[Dataset entries]

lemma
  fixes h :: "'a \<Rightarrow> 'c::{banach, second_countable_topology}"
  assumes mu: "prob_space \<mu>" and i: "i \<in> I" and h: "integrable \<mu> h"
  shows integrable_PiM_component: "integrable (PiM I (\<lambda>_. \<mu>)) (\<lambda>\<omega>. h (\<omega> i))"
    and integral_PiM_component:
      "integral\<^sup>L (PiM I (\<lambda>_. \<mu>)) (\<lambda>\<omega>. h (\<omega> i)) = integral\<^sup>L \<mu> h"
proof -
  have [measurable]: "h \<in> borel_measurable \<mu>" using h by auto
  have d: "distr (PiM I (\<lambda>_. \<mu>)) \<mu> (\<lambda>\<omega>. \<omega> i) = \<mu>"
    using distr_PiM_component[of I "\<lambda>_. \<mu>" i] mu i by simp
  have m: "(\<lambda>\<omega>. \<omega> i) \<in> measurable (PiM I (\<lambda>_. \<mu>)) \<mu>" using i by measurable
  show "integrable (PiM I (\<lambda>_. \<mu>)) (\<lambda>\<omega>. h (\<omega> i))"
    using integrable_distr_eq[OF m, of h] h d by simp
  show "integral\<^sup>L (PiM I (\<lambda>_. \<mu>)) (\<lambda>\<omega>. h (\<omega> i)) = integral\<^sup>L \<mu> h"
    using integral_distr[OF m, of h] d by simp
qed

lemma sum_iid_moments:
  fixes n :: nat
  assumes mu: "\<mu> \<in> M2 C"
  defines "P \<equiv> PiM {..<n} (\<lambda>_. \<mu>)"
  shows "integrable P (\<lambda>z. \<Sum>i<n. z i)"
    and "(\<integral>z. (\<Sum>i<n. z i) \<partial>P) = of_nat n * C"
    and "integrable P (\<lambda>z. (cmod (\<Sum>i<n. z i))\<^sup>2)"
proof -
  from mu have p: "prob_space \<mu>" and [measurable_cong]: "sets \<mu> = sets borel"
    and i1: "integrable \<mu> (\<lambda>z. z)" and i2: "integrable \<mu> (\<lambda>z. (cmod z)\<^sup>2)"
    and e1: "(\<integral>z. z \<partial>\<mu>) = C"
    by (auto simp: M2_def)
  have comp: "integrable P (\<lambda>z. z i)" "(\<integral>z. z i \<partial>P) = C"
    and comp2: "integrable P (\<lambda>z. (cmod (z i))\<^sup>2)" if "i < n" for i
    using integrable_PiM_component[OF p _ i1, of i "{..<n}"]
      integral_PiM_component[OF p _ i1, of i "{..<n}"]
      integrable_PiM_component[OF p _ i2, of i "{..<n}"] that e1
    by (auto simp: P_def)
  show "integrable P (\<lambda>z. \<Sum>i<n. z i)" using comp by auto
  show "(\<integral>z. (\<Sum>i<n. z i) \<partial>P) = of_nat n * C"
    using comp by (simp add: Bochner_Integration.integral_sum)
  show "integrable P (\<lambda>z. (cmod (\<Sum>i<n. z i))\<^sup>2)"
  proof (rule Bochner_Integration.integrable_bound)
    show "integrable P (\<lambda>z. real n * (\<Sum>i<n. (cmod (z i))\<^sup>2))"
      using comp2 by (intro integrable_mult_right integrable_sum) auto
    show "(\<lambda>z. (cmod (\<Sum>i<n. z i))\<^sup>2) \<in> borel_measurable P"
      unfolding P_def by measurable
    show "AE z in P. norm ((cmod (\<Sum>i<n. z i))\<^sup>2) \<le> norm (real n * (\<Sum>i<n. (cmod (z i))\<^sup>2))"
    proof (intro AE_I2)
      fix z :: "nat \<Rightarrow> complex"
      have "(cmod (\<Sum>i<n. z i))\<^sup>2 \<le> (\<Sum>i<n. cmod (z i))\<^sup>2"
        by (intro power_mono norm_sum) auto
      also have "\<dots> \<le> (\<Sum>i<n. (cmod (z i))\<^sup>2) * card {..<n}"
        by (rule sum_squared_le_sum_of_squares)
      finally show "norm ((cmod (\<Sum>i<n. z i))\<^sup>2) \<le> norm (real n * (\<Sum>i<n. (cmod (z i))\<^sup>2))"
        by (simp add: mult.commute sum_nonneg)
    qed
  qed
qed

==

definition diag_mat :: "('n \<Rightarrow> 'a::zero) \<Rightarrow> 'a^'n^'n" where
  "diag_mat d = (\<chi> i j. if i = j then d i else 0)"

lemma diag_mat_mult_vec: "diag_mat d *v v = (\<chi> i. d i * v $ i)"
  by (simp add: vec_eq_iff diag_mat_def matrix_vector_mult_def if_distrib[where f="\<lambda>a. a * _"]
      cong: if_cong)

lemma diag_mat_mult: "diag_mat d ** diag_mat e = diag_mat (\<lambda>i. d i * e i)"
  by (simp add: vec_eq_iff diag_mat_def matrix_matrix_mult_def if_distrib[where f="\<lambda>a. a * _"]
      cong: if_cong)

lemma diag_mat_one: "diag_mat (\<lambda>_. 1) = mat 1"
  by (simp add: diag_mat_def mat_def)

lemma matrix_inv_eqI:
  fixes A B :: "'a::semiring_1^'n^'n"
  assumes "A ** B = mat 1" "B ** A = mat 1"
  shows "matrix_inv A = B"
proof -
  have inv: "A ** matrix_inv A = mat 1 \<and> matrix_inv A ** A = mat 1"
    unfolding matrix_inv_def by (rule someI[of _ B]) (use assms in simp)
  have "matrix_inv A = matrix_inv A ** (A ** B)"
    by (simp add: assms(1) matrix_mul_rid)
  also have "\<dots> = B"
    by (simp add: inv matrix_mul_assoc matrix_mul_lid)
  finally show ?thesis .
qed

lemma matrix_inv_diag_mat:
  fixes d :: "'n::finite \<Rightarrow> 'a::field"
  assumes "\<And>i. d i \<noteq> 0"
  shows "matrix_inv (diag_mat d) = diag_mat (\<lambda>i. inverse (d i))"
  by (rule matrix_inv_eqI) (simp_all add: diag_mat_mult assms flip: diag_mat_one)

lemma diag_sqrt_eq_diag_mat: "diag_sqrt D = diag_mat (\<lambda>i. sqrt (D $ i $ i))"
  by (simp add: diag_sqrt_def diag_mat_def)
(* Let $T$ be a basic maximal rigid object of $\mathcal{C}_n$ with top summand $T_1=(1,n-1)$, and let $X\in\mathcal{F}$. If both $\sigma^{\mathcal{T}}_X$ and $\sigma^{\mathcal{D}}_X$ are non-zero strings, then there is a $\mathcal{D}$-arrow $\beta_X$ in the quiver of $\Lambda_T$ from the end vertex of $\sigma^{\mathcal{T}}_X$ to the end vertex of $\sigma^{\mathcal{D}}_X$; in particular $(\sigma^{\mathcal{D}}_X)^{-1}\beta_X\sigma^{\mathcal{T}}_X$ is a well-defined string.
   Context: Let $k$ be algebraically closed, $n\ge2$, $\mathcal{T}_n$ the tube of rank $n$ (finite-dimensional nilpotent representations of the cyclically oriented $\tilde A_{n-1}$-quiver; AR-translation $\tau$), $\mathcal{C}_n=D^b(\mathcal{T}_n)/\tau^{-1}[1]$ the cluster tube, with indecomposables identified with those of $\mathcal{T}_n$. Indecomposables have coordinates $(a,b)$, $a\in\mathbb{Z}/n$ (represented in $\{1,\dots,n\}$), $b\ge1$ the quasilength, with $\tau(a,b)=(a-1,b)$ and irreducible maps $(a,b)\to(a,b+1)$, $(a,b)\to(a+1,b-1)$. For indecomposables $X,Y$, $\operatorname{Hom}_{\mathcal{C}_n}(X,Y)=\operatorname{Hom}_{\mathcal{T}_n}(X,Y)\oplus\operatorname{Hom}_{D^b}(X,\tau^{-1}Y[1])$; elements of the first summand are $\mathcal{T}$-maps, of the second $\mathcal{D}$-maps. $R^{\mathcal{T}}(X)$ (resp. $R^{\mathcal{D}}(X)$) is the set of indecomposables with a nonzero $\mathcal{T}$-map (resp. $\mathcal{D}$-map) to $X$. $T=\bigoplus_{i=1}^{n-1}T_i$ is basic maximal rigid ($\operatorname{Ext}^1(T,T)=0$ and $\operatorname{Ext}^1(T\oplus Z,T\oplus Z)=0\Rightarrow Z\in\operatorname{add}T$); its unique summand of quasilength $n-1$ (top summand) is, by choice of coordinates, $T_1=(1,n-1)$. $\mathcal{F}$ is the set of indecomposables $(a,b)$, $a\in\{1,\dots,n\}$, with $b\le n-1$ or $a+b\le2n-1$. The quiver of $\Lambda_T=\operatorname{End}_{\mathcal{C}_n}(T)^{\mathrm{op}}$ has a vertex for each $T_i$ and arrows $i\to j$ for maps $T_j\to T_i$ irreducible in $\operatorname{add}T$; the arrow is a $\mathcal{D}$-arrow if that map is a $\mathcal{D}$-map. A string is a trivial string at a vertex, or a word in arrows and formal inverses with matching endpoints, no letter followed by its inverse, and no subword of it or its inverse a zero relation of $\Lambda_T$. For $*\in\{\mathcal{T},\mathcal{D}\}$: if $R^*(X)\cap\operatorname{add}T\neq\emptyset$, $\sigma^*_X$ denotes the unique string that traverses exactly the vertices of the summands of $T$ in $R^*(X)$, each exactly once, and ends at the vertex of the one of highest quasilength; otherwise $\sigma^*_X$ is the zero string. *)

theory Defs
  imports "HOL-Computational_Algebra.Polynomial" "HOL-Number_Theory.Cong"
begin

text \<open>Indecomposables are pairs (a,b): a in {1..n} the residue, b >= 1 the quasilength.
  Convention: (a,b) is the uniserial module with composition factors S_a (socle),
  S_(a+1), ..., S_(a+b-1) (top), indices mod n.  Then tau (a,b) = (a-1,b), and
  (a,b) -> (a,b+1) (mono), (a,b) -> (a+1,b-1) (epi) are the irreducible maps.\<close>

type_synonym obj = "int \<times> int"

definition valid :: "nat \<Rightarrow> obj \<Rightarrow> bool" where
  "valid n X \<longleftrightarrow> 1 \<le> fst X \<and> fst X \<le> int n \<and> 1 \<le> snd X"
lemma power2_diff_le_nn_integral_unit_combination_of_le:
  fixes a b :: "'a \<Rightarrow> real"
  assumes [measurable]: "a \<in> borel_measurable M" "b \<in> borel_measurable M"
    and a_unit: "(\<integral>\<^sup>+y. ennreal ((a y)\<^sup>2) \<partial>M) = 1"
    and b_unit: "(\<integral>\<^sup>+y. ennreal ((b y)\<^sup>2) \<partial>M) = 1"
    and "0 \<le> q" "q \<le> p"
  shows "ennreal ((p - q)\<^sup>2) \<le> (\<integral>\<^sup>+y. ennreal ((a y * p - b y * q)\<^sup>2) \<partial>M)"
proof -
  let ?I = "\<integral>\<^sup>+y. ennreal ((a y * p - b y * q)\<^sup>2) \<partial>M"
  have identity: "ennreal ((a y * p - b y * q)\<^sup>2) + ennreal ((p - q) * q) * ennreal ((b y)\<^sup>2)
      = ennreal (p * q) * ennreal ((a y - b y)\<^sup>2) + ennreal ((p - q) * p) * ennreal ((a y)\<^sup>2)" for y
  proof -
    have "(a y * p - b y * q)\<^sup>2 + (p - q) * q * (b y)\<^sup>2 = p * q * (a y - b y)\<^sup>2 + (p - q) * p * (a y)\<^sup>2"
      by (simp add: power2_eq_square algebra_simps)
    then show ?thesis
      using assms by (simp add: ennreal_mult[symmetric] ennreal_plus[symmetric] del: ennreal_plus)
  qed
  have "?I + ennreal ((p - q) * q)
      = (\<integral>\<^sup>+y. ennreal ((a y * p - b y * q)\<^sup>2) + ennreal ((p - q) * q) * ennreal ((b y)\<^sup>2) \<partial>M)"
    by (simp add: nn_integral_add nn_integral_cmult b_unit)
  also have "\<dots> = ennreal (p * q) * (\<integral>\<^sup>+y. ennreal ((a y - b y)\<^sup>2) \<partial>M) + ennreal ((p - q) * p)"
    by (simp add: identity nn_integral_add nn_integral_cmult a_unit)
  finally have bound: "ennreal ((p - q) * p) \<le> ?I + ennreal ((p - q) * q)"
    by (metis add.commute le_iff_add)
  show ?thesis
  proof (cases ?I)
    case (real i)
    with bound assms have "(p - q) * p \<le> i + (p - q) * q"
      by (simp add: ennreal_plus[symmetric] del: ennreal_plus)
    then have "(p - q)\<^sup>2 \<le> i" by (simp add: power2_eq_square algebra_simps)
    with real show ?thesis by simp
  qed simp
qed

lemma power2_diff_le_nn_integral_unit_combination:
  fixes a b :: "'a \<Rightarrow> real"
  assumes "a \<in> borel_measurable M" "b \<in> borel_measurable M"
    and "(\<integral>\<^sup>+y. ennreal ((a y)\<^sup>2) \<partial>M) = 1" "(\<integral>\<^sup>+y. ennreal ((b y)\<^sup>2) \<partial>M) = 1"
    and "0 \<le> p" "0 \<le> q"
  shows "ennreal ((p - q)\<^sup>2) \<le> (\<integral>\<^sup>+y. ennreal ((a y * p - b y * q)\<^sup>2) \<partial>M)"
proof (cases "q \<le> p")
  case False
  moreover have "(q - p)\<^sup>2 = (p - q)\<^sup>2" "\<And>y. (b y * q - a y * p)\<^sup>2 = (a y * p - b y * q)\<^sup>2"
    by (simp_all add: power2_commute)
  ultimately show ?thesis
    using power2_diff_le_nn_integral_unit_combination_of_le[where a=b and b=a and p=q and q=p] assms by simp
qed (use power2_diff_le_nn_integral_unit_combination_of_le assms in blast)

__Problem details__: Return a copy of each line in the entries that carries the string "also".

__Response to this task__:
      also have "\<dots> \<le> (\<Sum>i<n. (cmod (z i))\<^sup>2) * card {..<n}"
  also have "\<dots> = B"
  also have "\<dots> = ennreal (p * q) * (\<integral>\<^sup>+y. ennreal ((a y - b y)\<^sup>2) \<partial>M) + ennreal ((p - q) * p)"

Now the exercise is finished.